From the data below, return the exact lines starting at the line containing "Write A = D" and ending at the line containing "t -> 0, Phi_t", both included, and nothing else.

SUPPLIED MATERIAL:
______________________________

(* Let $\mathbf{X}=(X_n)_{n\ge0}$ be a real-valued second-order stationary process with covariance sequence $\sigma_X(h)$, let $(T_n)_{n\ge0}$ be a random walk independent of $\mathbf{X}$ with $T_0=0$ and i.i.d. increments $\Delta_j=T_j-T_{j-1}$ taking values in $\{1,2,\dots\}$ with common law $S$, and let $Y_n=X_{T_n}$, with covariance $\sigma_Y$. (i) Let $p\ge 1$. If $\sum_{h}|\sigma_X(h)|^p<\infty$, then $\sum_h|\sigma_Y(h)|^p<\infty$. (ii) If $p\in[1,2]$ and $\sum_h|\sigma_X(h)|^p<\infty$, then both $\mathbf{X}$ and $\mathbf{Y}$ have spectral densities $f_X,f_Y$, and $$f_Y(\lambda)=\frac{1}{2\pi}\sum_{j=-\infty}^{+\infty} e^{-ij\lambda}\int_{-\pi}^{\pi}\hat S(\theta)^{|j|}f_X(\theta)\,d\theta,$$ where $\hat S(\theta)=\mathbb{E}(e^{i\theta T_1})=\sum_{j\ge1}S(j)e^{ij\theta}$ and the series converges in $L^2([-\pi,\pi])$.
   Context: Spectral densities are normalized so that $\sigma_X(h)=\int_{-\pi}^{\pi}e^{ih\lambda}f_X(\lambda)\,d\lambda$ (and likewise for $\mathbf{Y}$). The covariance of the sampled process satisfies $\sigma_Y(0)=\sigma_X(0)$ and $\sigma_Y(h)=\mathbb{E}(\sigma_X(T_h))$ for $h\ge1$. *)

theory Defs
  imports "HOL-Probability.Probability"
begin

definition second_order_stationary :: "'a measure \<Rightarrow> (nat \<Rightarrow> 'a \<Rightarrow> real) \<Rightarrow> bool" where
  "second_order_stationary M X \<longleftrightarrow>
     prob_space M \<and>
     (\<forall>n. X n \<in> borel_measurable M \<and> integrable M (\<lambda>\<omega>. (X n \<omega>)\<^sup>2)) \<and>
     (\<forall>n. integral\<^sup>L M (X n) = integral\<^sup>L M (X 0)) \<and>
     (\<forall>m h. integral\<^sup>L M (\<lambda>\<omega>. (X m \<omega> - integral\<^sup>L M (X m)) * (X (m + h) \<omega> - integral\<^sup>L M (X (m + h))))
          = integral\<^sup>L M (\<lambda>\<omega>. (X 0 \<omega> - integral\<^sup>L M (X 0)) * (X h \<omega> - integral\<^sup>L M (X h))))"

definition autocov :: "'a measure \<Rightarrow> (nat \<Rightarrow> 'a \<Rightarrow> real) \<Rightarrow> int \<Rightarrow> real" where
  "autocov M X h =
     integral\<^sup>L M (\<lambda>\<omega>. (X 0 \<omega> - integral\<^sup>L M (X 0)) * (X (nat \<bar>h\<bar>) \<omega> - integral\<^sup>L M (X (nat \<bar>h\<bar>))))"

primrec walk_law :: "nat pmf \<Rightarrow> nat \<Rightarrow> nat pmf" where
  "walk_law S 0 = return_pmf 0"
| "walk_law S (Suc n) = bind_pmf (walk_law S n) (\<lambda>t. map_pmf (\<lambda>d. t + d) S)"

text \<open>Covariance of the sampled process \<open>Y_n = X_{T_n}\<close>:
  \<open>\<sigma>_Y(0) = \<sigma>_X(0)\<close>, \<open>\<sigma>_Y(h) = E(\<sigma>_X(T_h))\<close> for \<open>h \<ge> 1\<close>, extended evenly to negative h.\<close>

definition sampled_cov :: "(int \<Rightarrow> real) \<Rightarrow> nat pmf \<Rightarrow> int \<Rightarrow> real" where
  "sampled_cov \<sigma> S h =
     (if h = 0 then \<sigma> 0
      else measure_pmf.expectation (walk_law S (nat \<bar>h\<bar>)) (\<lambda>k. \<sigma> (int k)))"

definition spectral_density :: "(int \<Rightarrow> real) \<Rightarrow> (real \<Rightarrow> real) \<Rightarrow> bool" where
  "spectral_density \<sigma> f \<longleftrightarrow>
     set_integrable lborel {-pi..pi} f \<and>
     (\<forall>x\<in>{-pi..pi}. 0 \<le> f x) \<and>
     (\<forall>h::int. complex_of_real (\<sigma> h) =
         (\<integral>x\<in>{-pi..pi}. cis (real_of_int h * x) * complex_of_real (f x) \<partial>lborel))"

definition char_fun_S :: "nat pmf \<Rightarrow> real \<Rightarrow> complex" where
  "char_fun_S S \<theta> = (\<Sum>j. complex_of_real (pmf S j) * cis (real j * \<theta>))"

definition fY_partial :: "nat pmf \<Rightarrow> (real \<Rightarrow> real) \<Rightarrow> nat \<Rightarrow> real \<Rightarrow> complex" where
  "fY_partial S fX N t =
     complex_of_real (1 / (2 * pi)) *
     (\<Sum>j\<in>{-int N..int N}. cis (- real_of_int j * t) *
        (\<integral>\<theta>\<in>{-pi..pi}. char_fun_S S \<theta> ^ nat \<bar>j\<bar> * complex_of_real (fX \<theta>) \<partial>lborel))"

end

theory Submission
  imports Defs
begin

______________________________

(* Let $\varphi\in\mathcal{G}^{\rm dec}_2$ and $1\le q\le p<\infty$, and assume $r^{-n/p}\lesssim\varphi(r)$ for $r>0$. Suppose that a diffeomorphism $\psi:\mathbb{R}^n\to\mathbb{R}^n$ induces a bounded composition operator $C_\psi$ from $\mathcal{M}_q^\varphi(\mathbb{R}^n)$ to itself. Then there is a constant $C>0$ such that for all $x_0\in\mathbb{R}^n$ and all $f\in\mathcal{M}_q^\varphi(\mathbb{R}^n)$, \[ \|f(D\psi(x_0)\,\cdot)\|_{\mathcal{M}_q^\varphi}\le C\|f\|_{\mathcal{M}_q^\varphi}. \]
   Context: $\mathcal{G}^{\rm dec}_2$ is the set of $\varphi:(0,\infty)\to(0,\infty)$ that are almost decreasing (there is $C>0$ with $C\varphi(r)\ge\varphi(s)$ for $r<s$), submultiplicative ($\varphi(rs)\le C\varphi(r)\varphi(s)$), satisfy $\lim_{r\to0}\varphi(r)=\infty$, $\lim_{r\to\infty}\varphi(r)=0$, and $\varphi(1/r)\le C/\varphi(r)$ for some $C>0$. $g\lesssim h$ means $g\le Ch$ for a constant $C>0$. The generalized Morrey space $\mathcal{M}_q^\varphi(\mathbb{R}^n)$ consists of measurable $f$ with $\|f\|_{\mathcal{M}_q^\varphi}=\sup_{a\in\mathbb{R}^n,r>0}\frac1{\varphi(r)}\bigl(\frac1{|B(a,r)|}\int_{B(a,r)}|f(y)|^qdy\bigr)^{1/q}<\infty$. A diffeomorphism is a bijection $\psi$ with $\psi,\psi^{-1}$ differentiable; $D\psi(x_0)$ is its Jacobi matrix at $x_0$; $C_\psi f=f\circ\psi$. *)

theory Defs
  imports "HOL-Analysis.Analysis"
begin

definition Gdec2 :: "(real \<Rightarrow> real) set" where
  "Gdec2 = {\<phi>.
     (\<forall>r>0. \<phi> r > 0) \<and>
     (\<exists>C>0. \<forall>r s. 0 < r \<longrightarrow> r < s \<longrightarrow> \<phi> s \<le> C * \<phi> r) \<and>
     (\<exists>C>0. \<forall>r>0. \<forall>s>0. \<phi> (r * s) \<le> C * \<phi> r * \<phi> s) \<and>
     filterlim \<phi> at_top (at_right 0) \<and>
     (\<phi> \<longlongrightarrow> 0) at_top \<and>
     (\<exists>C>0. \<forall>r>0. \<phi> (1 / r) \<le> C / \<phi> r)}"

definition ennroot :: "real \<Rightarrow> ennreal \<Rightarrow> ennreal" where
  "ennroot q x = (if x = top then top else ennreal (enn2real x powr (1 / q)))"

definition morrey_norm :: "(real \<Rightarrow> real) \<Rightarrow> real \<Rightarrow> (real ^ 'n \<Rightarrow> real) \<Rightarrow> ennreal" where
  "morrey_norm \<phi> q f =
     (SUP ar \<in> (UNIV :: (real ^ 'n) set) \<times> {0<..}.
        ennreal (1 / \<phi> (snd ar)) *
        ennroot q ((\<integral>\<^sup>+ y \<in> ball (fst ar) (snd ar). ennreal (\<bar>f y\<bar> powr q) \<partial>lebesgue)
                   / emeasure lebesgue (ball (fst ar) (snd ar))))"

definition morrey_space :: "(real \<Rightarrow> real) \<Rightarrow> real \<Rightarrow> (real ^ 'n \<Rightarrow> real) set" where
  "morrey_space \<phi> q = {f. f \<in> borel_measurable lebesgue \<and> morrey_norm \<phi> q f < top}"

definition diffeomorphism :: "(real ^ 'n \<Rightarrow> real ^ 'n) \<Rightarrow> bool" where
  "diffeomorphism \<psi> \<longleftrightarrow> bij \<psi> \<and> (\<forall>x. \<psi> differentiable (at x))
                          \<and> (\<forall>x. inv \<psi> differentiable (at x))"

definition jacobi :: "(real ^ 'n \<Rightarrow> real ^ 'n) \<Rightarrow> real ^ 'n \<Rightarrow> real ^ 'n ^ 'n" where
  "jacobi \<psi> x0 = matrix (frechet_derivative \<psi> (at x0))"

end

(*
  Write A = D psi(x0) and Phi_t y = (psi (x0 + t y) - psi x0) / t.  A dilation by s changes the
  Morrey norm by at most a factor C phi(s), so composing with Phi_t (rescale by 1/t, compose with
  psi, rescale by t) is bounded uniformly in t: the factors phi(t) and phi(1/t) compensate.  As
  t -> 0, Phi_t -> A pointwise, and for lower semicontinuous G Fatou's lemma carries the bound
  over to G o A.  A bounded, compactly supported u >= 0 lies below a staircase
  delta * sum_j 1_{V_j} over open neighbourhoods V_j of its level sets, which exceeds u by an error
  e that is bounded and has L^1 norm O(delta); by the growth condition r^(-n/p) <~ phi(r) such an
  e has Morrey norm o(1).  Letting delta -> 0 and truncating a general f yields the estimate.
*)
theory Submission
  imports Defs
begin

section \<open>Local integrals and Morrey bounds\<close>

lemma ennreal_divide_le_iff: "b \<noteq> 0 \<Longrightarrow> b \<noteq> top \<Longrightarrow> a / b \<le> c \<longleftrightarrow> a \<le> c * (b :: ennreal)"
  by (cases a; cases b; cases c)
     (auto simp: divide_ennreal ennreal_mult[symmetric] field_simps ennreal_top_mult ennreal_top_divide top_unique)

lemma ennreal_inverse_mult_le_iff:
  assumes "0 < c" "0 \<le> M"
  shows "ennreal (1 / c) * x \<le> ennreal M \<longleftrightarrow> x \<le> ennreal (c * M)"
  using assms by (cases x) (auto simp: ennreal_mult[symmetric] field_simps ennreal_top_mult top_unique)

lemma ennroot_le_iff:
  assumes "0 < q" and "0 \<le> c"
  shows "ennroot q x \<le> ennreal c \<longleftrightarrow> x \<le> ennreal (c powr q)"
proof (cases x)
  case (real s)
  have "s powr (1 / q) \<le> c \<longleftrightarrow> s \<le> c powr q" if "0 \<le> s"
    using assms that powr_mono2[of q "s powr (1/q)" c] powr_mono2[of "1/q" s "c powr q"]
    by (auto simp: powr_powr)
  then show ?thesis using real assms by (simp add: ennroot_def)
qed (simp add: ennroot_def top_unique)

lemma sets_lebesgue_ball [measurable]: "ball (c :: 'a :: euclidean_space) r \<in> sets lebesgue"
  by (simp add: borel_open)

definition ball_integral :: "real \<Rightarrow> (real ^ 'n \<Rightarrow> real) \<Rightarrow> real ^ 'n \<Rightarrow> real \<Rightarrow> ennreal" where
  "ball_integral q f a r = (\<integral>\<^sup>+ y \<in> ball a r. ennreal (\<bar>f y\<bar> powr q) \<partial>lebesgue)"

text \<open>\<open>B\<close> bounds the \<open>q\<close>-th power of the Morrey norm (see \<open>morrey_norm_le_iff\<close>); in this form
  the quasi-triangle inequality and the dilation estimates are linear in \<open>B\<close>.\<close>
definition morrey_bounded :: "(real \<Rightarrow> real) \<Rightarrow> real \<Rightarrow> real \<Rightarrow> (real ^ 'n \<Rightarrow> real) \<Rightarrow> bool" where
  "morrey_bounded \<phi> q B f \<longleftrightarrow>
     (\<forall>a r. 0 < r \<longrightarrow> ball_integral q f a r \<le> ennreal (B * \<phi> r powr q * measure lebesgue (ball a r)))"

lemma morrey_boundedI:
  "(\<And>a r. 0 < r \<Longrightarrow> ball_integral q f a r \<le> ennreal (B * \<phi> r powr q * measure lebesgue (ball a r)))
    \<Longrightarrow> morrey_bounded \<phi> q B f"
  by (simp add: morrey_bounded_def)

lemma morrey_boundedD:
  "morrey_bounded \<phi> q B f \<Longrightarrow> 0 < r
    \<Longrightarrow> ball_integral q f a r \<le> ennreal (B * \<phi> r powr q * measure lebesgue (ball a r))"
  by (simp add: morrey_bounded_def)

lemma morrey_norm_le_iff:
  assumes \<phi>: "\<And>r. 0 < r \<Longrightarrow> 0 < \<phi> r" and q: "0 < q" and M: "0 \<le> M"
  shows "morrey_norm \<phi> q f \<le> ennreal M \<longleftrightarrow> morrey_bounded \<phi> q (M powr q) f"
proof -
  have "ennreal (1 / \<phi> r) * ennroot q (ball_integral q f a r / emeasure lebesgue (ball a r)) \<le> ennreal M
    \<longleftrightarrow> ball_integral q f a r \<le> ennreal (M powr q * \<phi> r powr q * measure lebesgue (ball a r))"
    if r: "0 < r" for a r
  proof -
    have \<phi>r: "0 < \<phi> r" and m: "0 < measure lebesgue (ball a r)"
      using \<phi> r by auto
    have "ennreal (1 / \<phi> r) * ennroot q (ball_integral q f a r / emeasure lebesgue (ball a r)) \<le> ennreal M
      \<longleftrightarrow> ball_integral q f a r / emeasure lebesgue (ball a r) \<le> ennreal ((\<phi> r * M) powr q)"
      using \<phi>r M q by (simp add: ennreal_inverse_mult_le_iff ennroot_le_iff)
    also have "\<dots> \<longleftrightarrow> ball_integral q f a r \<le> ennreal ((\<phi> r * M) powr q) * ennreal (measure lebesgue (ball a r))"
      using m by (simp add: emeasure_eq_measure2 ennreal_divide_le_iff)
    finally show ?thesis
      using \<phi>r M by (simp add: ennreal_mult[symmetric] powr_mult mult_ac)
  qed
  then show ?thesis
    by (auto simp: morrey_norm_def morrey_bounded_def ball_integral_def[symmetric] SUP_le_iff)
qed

______________________________

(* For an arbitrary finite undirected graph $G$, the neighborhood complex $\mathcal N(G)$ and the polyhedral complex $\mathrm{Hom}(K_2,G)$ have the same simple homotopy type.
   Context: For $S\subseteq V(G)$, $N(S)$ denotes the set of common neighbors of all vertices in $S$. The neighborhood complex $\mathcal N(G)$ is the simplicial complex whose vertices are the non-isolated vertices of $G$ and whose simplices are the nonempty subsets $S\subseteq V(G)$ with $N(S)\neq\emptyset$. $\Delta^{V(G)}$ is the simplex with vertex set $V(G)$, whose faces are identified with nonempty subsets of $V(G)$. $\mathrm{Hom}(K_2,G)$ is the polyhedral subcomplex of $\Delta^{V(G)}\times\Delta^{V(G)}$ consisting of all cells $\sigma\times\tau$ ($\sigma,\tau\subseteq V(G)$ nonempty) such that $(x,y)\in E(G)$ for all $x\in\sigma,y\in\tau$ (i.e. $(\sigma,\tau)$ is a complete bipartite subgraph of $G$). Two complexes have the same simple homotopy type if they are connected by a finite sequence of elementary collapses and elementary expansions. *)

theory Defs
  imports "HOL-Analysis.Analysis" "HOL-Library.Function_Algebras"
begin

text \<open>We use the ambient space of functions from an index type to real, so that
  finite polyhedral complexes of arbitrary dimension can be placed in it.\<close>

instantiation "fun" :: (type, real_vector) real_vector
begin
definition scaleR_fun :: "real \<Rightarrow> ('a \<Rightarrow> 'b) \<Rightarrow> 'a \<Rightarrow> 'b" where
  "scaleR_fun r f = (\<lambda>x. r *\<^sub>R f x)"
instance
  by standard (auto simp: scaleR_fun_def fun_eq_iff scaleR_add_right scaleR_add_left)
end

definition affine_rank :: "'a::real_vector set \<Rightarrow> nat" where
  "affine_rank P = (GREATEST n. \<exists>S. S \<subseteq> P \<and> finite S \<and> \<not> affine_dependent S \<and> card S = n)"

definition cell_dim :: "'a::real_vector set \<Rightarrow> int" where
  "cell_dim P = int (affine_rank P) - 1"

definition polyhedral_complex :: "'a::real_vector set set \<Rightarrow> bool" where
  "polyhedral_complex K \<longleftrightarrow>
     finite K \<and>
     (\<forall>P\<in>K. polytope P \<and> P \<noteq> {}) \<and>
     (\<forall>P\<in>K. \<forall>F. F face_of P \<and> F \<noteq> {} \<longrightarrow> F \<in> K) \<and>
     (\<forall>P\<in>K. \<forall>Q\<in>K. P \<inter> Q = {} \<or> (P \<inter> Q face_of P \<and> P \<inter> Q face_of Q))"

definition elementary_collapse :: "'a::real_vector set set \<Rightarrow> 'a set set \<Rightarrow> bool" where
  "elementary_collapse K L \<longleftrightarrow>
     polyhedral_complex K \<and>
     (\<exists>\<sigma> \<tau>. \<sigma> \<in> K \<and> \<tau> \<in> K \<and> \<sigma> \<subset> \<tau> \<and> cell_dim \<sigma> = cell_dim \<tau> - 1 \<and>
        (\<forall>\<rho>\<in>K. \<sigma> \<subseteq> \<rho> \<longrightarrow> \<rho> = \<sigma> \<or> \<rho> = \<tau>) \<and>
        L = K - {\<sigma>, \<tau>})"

______________________________

OUTPUT OF THE EXERCISE:
  Write A = D psi(x0) and Phi_t y = (psi (x0 + t y) - psi x0) / t.  A dilation by s changes the
  Morrey norm by at most a factor C phi(s), so composing with Phi_t (rescale by 1/t, compose with
  psi, rescale by t) is bounded uniformly in t: the factors phi(t) and phi(1/t) compensate.  As
  t -> 0, Phi_t -> A pointwise, and for lower semicontinuous G Fatou's lemma carries the bound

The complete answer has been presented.